L’odorat et le goût jouent un rôle important. Proposer des produits locaux, notamment des légumes et des fruits qu’on consomme crus, mais aussi des produits de saison, est un plus pour le bien-être et la santé des personnes.

L’argument le plus souvent avancé pour privilégier les plats conventionnels est que le bio coûte plus cher. Les structures qui servent du bio dans les assiettes soutiennent qu’une meilleure gestion des déchets et la lutte contre le gaspillage réduisent considérablement le coût des repas.

Les initiatives locales

Ils sont 77 % de Français à souhaiter des produits bio dans les maisons de retraite. Certaines communes ou départements ont déjà fait ce choix. Elles ont pris des initiatives innovantes. C’est ainsi que le département de la Côte-d’Or a acheté, en octobre dernier, 20 hectares de terres agricoles pour y produire des légumes qui approvisionneront, à partir de 2020, les collèges et les établissements d’hébergement pour personnes âgées dépendantes (Ehpad).

L’objectif est d’atteindre 20 % de légumes biologiques locaux pour servir quelque 8 millions de repas dans ses collèges et ses Ehpad. Cette initiative à trois objectifs : développer le soutien aux filières locales, encourager les circuits courts et le « bien manger » en matière de restauration collective, et répondre à la demande croissante de produits bio. Ou encore, considérant que l’alimentation est primordiale pour la santé, le département de la Loire a mis en place une politique d’approvisionnement de produits bio et locaux dans les maisons de retraite.
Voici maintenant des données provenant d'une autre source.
lemma submod_generated_if_in_Stat:
  assumes Stat: "in_Stat R M (submod M N)"
    and T: "T \<subseteq> N" "\<zero> \<in> T" "\<And>x y. x \<in> T \<Longrightarrow> y \<in> T \<Longrightarrow> x \<oplus> y \<in> T" "\<And>x. x \<in> T \<Longrightarrow> \<ominus> x \<in> T"
    and gen: "\<And>h x. h \<in> mhom (opp R) M (submod M N) \<Longrightarrow> x \<in> carrier M \<Longrightarrow> h x \<in> T"
  shows "N \<subseteq> T"
proof
  let ?Q = "mhom (opp R) M (submod M N) \<times> carrier M"
  fix x assume "x \<in> N"
  then have "x \<in> tens_eval (submod M N) ` free_on ?Q" using Stat unfolding in_Stat_def by simp
  then obtain c where c: "c \<in> free_on ?Q" "x = tens_eval (submod M N) c" by blast
  show "x \<in> T" unfolding c(2) tens_eval_eq_free_ext
  proof (rule abelian_group.free_ext_mem_subgroup[OF submod_abelian_group[OF N] _ _ _ _ c(1)])
    show "T \<subseteq> carrier (submod M N)" "\<zero>\<^bsub>submod M N\<^esub> \<in> T" using T(1,2) by simp_all
    show "y \<oplus>\<^bsub>submod M N\<^esub> z \<in> T" if "y \<in> T" "z \<in> T" for y z using T(3) that by simp
    show "\<ominus>\<^bsub>submod M N\<^esub> y \<in> T" if "y \<in> T" for y
      using that T(1,4) submod_a_inv[OF N] by auto
    show "fst q (snd q) \<in> T" if "q \<in> ?Q" for q using gen that by (auto simp: mem_Times_iff)
  qed
qed

end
Une manière aussi de soutenir l’emploi et de diversifier son alimentation en mangeant au rythme des saisons.

L’objectif de 50 % de bio

Lors de la clôture des États généraux de l’alimentation qui se sont déroulés pendant cinq mois (20 juillet-21 décembre), le ministre de l’Agriculture Stéphane Travert a annoncé : « La restauration collective devra s’inscrire en soutien du développement d’une offre en produits durables. D’ici à 2022, elle devra ainsi s’approvisionner à 50 % en produits biologiques, locaux ou sous signes officiels de qualité. »

Un bien bel objectif inscrit dans un projet de loi sur l’alimentation qui sera examiné à partir du 22 mai à l’Assemblée nationale. Passer au taux de 50 % de produits biologiques ou locaux dans la restauration collective est un grand pas. Reste à convaincre et à passer aux actes.